The resolution now has 64 original co-sponsors in the House and 9 in the Senate.

The full text of the resolution (PDF) is below:

Democrats Announce Members of Select Committee on the Climate Crisis

Posted by Brad Johnson on 02/07/2019 at 02:13PM

Rep. Kathy Castor (Fla.), chair of the House Select Committee on the Climate Crisis, has announced the Democratic members: Reps. Ben Ray Luján (N.M.), Suzanne Bonamici (Ore.), Julia Brownley (Calif.), Sean Casten (Ill.), Jared Huffman (Calif.), Mike Levin (Calif.), Donald McEachin (Va.) and Joe Neguse (Colo.).

Luján is by far the biggest recipient among the committee of fossil-fuel dollars. He received $159,600 in campaign contributions from oil & gas, mining, chemical, electric utilities, and other energy interests in the last election cycle. Over his career, he has received $386,150 from oil & gas and electric utility companies and their employees. As Assistant Democratic Leader, he is now the number four Democrat in the House.
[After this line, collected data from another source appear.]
(* Let $L$ be an odd unimodular lattice in dimension $n\equiv 0\pmod 8$ which contains a $k$-frame. Then both even unimodular neighbors $L_0\cup L_1$ and $L_0\cup L_3$ of $L$ contain a $2k$-frame.
   Context: A lattice $L\subset\mathbb{R}^n$ is unimodular if $L=L^*$, where $L^*=\{x\in\mathbb{R}^n:(x,y)\in\mathbb{Z}\ \forall y\in L\}$; it is odd if it contains a vector of odd norm $(x,x)$. For an odd unimodular lattice $L$, let $L_0$ be the sublattice of vectors of even norm (index $2$ in $L$); then $L_0^*=L_0\cup L_1\cup L_2\cup L_3$ for cosets $L_1,L_2,L_3$ of $L_0$ with $L=L_0\cup L_2$. When $n\equiv 0\pmod 8$, $L_0\cup L_1$ and $L_0\cup L_3$ are even unimodular lattices, called the even unimodular neighbors of $L$. A $t$-frame of a lattice in dimension $n$ is a set of $n$ lattice vectors $f_1,\dots,f_n$ with $(f_i,f_j)=t\,\delta_{i,j}$. *)

theory Defs
  imports "HOL-Analysis.Analysis"
begin

definition is_lattice :: "(real^'n) set \<Rightarrow> bool" where
  "is_lattice L \<longleftrightarrow> (\<exists>b :: 'n \<Rightarrow> real^'n. inj b \<and> independent (range b) \<and>
      L = {(\<Sum>i\<in>UNIV. of_int (c i) *\<^sub>R b i) | c :: 'n \<Rightarrow> int. True})"

definition dual_lattice :: "(real^'n) set \<Rightarrow> (real^'n) set" where
  "dual_lattice L = {x. \<forall>y\<in>L. x \<bullet> y \<in> \<int>}"

definition unimodular :: "(real^'n) set \<Rightarrow> bool" where
  "unimodular L \<longleftrightarrow> is_lattice L \<and> L = dual_lattice L"

definition odd_lattice :: "(real^'n) set \<Rightarrow> bool" where
  "odd_lattice L \<longleftrightarrow> (\<exists>x\<in>L. \<exists>m::int. x \<bullet> x = of_int m \<and> odd m)"

text \<open>L_0: the sublattice of vectors of even norm.\<close>
definition even_part :: "(real^'n) set \<Rightarrow> (real^'n) set" where
  "even_part L = {x\<in>L. \<exists>m::int. x \<bullet> x = of_int m \<and> even m}"

definition has_frame :: "(real^'n) set \<Rightarrow> real \<Rightarrow> bool" where
  "has_frame L t \<longleftrightarrow> (\<exists>f :: 'n \<Rightarrow> real^'n. (\<forall>i. f i \<in> L) \<and>
      (\<forall>i j. f i \<bullet> f j = (if i = j then t else 0)))"

end

theory Submission
  imports Defs
begin

text \<open>Split the frame into pairs f, f' and replace each pair by f + f', f - f'. These vectors
  have norm 2k, which is even because k = f \<bullet> f is an integer in a unimodular lattice, so the
  new 2k-frame already lies in L_0 and hence in both even neighbours.\<close>

lemma dual_lattice_add: "x \<in> dual_lattice L \<Longrightarrow> y \<in> dual_lattice L \<Longrightarrow> x + y \<in> dual_lattice L"
  unfolding dual_lattice_def by (auto simp: inner_add_left)

lemma dual_lattice_diff: "x \<in> dual_lattice L \<Longrightarrow> y \<in> dual_lattice L \<Longrightarrow> x - y \<in> dual_lattice L"
  unfolding dual_lattice_def by (auto simp: inner_diff_left)

lemma has_frame_mono: "has_frame L t \<Longrightarrow> L \<subseteq> M \<Longrightarrow> has_frame M t"
  unfolding has_frame_def by blast

lemma has_frame_norm_in_Ints:
  fixes L :: "(real^'n) set"
  assumes "has_frame L t" and "L \<subseteq> dual_lattice L"
  shows "t \<in> \<int>"
proof -
  obtain f :: "'n \<Rightarrow> real^'n" where fL: "\<And>i. f i \<in> L"
    and f_orth: "\<And>i j. f i \<bullet> f j = (if i = j then t else 0)"
    using assms(1) unfolding has_frame_def by blast
  have "f i \<bullet> f i \<in> \<int>" for i
    using fL assms(2) unfolding dual_lattice_def by blast
  then show ?thesis
    using f_orth by simp
qed

lemma has_frame_even_part:
  fixes L :: "(real^'n) set"
  assumes "has_frame L (2 * of_int m)"
  shows "has_frame (even_part L) (2 * of_int m)"
proof -
  obtain f :: "'n \<Rightarrow> real^'n" where fL: "\<And>i. f i \<in> L"
    and f_orth: "\<And>i j. f i \<bullet> f j = (if i = j then 2 * of_int m else 0)"
    using assms unfolding has_frame_def by blast
  have "f i \<bullet> f i = of_int (2 * m)" for i
    using f_orth by simp
  then have "f i \<in> even_part L" for i
    unfolding even_part_def using fL by fastforce
  then show ?thesis
    unfolding has_frame_def using f_orth by blast
qed

definition sum_diff_pairs :: "('a \<times> bool \<Rightarrow> 'b::real_vector) \<Rightarrow> 'a \<times> bool \<Rightarrow> 'b" where
  "sum_diff_pairs f = (\<lambda>(a, b). if b then f (a, True) + f (a, False) else f (a, True) - f (a, False))"

lemma sum_diff_pairs_orthogonal:
  fixes f :: "'a \<times> bool \<Rightarrow> 'b::real_inner"
  assumes "\<And>x y. x \<in> A \<times> UNIV \<Longrightarrow> y \<in> A \<times> UNIV \<Longrightarrow> f x \<bullet> f y = (if x = y then t else 0)"
    and "x \<in> A \<times> UNIV" and "y \<in> A \<times> UNIV"
  shows "sum_diff_pairs f x \<bullet> sum_diff_pairs f y = (if x = y then 2 * t else 0)"
proof -
  obtain a b a' b' where xy: "x = (a, b)" "y = (a', b')" "a \<in> A" "a' \<in> A"
    using assms(2,3) by auto
  then have "f (a, c) \<bullet> f (a', c') = (if a = a' \<and> c = c' then t else 0)" for c c'
    using assms(1) by auto
  then show ?thesis
    unfolding sum_diff_pairs_def xy by (cases b; cases b') (auto simp: algebra_simps inner_commute)
qed

lemma even_card_bij_pairs:
  assumes "even CARD('n)"
  obtains h :: "'n::finite \<Rightarrow> nat \<times> bool" where "bij_betw h UNIV ({..<CARD('n) div 2} \<times> UNIV)"
proof -
  have "card ({..<CARD('n) div 2} \<times> (UNIV :: bool set)) = card (UNIV :: 'n set)"
    using assms by (simp add: card_cartesian_product)
  then show ?thesis
    using that finite_same_card_bij[of "UNIV :: 'n set"] by (metis finite finite_SigmaI finite_lessThan)
qed

lemma has_frame_double:
  fixes L :: "(real^'n) set"
  assumes "has_frame L t" and "even CARD('n)"
    and add: "\<And>x y. x \<in> L \<Longrightarrow> y \<in> L \<Longrightarrow> x + y \<in> L"
    and diff: "\<And>x y. x \<in> L \<Longrightarrow> y \<in> L \<Longrightarrow> x - y \<in> L"
  shows "has_frame L (2 * t)"
proof -
  obtain f :: "'n \<Rightarrow> real^'n" where fL: "\<And>i. f i \<in> L"
    and f_orth: "\<And>i j. f i \<bullet> f j = (if i = j then t else 0)"
    using assms(1) unfolding has_frame_def by blast
  define A where "A = {..<CARD('n) div 2}"
  obtain h :: "'n \<Rightarrow> nat \<times> bool" where h: "bij_betw h UNIV (A \<times> UNIV)"
    using even_card_bij_pairs[OF assms(2)] unfolding A_def by blast
  define f' where "f' = f \<circ> inv_into UNIV h"
  have f'_orth: "f' x \<bullet> f' y = (if x = y then t else 0)" if "x \<in> A \<times> UNIV" "y \<in> A \<times> UNIV" for x y
    using that h f_orth unfolding f'_def
    by (auto simp: bij_betw_inv_into_right[OF h] dest: arg_cong[where f = h])
  define g where "g = sum_diff_pairs f'"
  have "(g \<circ> h) i \<in> L" for i
    unfolding g_def f'_def sum_diff_pairs_def using fL add diff by (auto split: prod.split)
  moreover have "(g \<circ> h) i \<bullet> (g \<circ> h) j = (if i = j then 2 * t else 0)" for i j
  proof -
    have "h i \<in> A \<times> UNIV" "h j \<in> A \<times> UNIV"
      using h by (auto simp: bij_betw_def)
    then have "g (h i) \<bullet> g (h j) = (if h i = h j then 2 * t else 0)"
      unfolding g_def using sum_diff_pairs_orthogonal[of A f' t, OF f'_orth] by simp
    then show ?thesis
      using bij_betw_imp_inj_on[OF h] by (simp add: inj_eq)
  qed
  ultimately show ?thesis
    unfolding has_frame_def by blast
qed

theorem lemma3p2:
  fixes L :: "(real^'n) set" and k :: real
  assumes "unimodular L" and "odd_lattice L"
    and "CARD('n) mod 8 = 0"
    and "has_frame L k"
  shows "\<forall>v \<in> dual_lattice (even_part L) - L.
           has_frame (even_part L \<union> (\<lambda>x. v + x) ` even_part L) (2 * k)"
proof -
  have self_dual: "dual_lattice L = L"
    using assms(1) unfolding unimodular_def by simp
  obtain m :: int where k: "k = of_int m"
    using has_frame_norm_in_Ints[OF assms(4)] self_dual by (auto elim: Ints_cases)
  have "even CARD('n)"
    using assms(3) by presburger
  then have "has_frame L (2 * k)"
    using has_frame_double[OF assms(4)] dual_lattice_add dual_lattice_diff self_dual by metis
  then have "has_frame (even_part L) (2 * k)"
    using has_frame_even_part k by blast
  then show ?thesis
    using has_frame_mono by blast
qed

end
New Climate Committee Chair: Priorities Include Fuel Economy, Flood Insurance

Posted by Brad Johnson on 01/15/2019 at 10:39AM

“We are in a race against time,” Rep. Kathy Castor (D-Fla.), the incoming chair of the new Select Committee on the Climate Crisis, told reporters. In an interview with USA Today’s Ledyard King, Castor highlighted not just the urgency of the climate crisis but also her interest in pursuing new fuel economy standards and flood insurance reform, practical policy problems that have remained stalled under the Republican Congress and Trump administration.
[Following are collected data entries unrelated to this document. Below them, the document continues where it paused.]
lemma grid_interpolation:
  fixes v :: "nat \<Rightarrow> 'a::euclidean_space"
  shows "\<exists>a. \<forall>i\<in>{1..n}. grid_net a (x i) = v i"
proof -
  have "\<exists>a. \<forall>i\<in>{1..m}. grid_net a (x i) = v i" if "m \<le> n" for m
    using that
  proof (induction m)
    case 0
    then show ?case by simp
  next
    case (Suc m)
    then obtain a where a: "\<forall>i\<in>{1..m}. grid_net a (x i) = v i" by auto
    obtain p where p: "p \<in> grid_units" "\<forall>i\<in>{1..m}. phi (grid_unit p) (x i) = 0"
      and p_new: "phi (grid_unit p) (x (m + 1)) \<noteq> 0"
      using grid_unit_vanishing_before[of m] Suc.prems by auto
    define w where "w = (v (m + 1) - grid_net a (x (m + 1))) /\<^sub>R phi (grid_unit p) (x (m + 1))"
    have "\<forall>i\<in>{1..Suc m}. grid_net (a(p := a p + w)) (x i) = v i"
      using a p p_new by (auto simp: grid_net_update w_def le_Suc_eq)
    then show ?case by blast
  qed
  then show ?thesis by blast
qed

lemma continuous_on_grid_net: "continuous_on S (\<lambda>a. grid_net a t)"
  unfolding grid_net_def by (intro continuous_intros)

lemma optimal_grid_coefficients:
  fixes K :: "nat \<Rightarrow> 'a::euclidean_space set"
  assumes closed_K: "\<And>i. i \<in> {1..n} \<Longrightarrow> closed (K i)"
    and K_nonempty: "\<And>i. i \<in> {1..n} \<Longrightarrow> K i \<noteq> {}"
  obtains a where "\<forall>i\<in>{1..n}. grid_net a (x i) \<in> K i"
    and "\<And>b. \<forall>i\<in>{1..n}. grid_net b (x i) \<in> K i \<Longrightarrow> grid_cost a \<le> grid_cost b"
proof -
  define F where "F = {a :: real \<times> nat \<Rightarrow> 'a. \<forall>i\<in>{1..n}. grid_net a (x i) \<in> K i}"
  have "closed F"
  proof -
    have "F = (\<Inter>i\<in>{1..n}. (\<lambda>a. grid_net a (x i)) -` K i)" unfolding F_def by auto
    then show ?thesis by (auto intro!: closed_INT closed_vimage closed_K continuous_on_grid_net)
  qed
  have "\<forall>i\<in>{1..n}. \<exists>z. z \<in> K i" using K_nonempty by blast
  then obtain v where v: "\<forall>i\<in>{1..n}. v i \<in> K i" by metis
  obtain a0 where "\<forall>i\<in>{1..n}. grid_net a0 (x i) = v i" using grid_interpolation by blast
  then have "a0 \<in> F" using v unfolding F_def by simp
  have "grid_net (\<lambda>p. if p \<in> grid_units then a p else 0) t = grid_net a t" for a :: "real \<times> nat \<Rightarrow> 'a" and t
    unfolding grid_net_def by (intro sum.cong) auto
  then have "(\<lambda>p. if p \<in> grid_units then a p else 0) \<in> F" if "a \<in> F" for a
    using that unfolding F_def by simp
  from sum_norm_attains_min[OF finite_grid_units \<open>closed F\<close> \<open>a0 \<in> F\<close> this]
  show ?thesis using that unfolding F_def grid_cost_def by blast
qed

theorem optimal_grid_measure:
  fixes K :: "nat \<Rightarrow> 'a::euclidean_space set"
  assumes "\<And>i. i \<in> {1..n} \<Longrightarrow> closed (K i)" and "\<And>i. i \<in> {1..n} \<Longrightarrow> K i \<noteq> {}"
  shows "\<exists>M h. (is_vmeasure M h \<and> (\<forall>i\<in>{1..n}. fmu M h (x i) \<in> K i))
     \<and> supported_in M h ({-1, 1} \<times> x ` {1..n})
     \<and> (\<forall>M' h'. (is_vmeasure M' h' \<and> (\<forall>i\<in>{1..n}. fmu M' h' (x i) \<in> K i)) \<longrightarrow> tv M h \<le> tv M' h')"
proof -
  obtain a where a: "\<forall>i\<in>{1..n}. grid_net a (x i) \<in> K i"
    and a_min: "\<And>b. \<forall>i\<in>{1..n}. grid_net b (x i) \<in> K i \<Longrightarrow> grid_cost a \<le> grid_cost b"
    using optimal_grid_coefficients[of K, OF assms] by blast
  obtain M h where Mh: "is_vmeasure M h" "supported_in M h ({-1, 1} \<times> x ` {1..n})"
    "\<And>t. fmu M h t = grid_net a t" "tv M h = grid_cost a"
    using grid_vmeasure[of a] by blast
  have "tv M h \<le> tv M' h'"
    if M': "is_vmeasure M' h'" and feasible: "\<forall>i\<in>{1..n}. fmu M' h' (x i) \<in> K i" for M' h'
  proof -
    obtain b where b: "\<forall>i\<in>{1..n}. grid_net b (x i) = fmu M' h' (x i)" "grid_cost b \<le> tv M' h'"
      using grid_reduction[OF M'] by blast
    then have "grid_cost a \<le> grid_cost b" using a_min feasible by simp
    then show ?thesis using b(2) Mh(4) by simp
  qed
  moreover have "\<forall>i\<in>{1..n}. fmu M h (x i) \<in> K i" using a Mh(3) by simp
  ultimately show ?thesis using Mh(1,2) by blast
qed

end

theorem proposition1:
  fixes n :: nat and x :: "nat \<Rightarrow> real"
  assumes "n \<ge> 2"
    and "x 1 = -1" and "x n = 1"
    and "\<And>i j. i \<in> {1..n} \<Longrightarrow> j \<in> {1..n} \<Longrightarrow> i < j \<Longrightarrow> x i < x j"
  shows "(\<forall>y :: nat \<Rightarrow> real. \<exists>M h. regr_feasible n x y M h
            \<and> supported_in M h ({-1, 1} \<times> x ` {1..n})
            \<and> (\<forall>M' h'. regr_feasible n x y M' h' \<longrightarrow> tv M h \<le> tv M' h'))
       \<and> (\<forall>y :: nat \<Rightarrow> 'k::finite. \<exists>M h. class_feasible n x y M h
            \<and> supported_in M h ({-1, 1} \<times> x ` {1..n})
            \<and> (\<forall>M' h'. class_feasible n x y M' h' \<longrightarrow> tv M h \<le> tv M' h'))"
proof -
  interpret data_grid n x
    using assms by unfold_locales auto
  define K :: "(nat \<Rightarrow> 'k) \<Rightarrow> nat \<Rightarrow> (real ^ 'k) set" where
    "K y i = {w. \<forall>l. (axis (y i) 1 - axis l 1) \<bullet> w \<ge> (if y i \<noteq> l then 1 else 0)}" for y i
  have regression: "regr_feasible n x y M h \<longleftrightarrow> is_vmeasure M h \<and> (\<forall>i\<in>{1..n}. fmu M h (x i) \<in> {y i})"
    for y M h unfolding regr_feasible_def by simp
  have classification: "class_feasible n x y M h \<longleftrightarrow> is_vmeasure M h \<and> (\<forall>i\<in>{1..n}. fmu M h (x i) \<in> K y i)"
    for y M h unfolding class_feasible_def K_def by simp
  have "closed (K y i)" for y i
    unfolding K_def by (intro closed_Collect_all closed_Collect_le continuous_intros)
  moreover have "K y i \<noteq> {}" for y i
  proof -
    have "axis (y i) 1 \<in> K y i"
      unfolding K_def by (auto simp: inner_diff_left inner_axis_axis)
    then show ?thesis by blast
  qed
  ultimately show ?thesis
    unfolding regression classification by (intro conjI allI optimal_grid_measure) auto
qed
While not enforcing a band on fossil-fuel contributions for members of the committee, Castor has pledged that she will not accept such donations as chair to “help build confidence in the committee.”

Castor’s plans come in the context of the vigorous push by youth climate activists and new members of Congress for an ambitious Green New Deal, that arguably would build on elements of President Obama’s economic stimulus package of 2009.

“There’s some fabulous proposals in the Green New Deal, and I’m excited about all that. You may see some similar language. Clearly, the focuses are going to be the same,” Castor told The Hill. “This will be a committee clearly in the spirit of the Green New Deal.”

“People don’t understand how forward-leaning the stimulus was on climate issues,” Castor told Michael Grunwald in a Politico interview. “It’s a road map for a Green New Deal.”

More highlights of Rep. Castor’s interview with The Hill’s Timothy Cama:

“I’m hoping that folks will come to this committee ready to take on the corporate polluters and special interests. There shouldn’t be a purity test, that if a member of Congress has ever accepted contributions,” she said.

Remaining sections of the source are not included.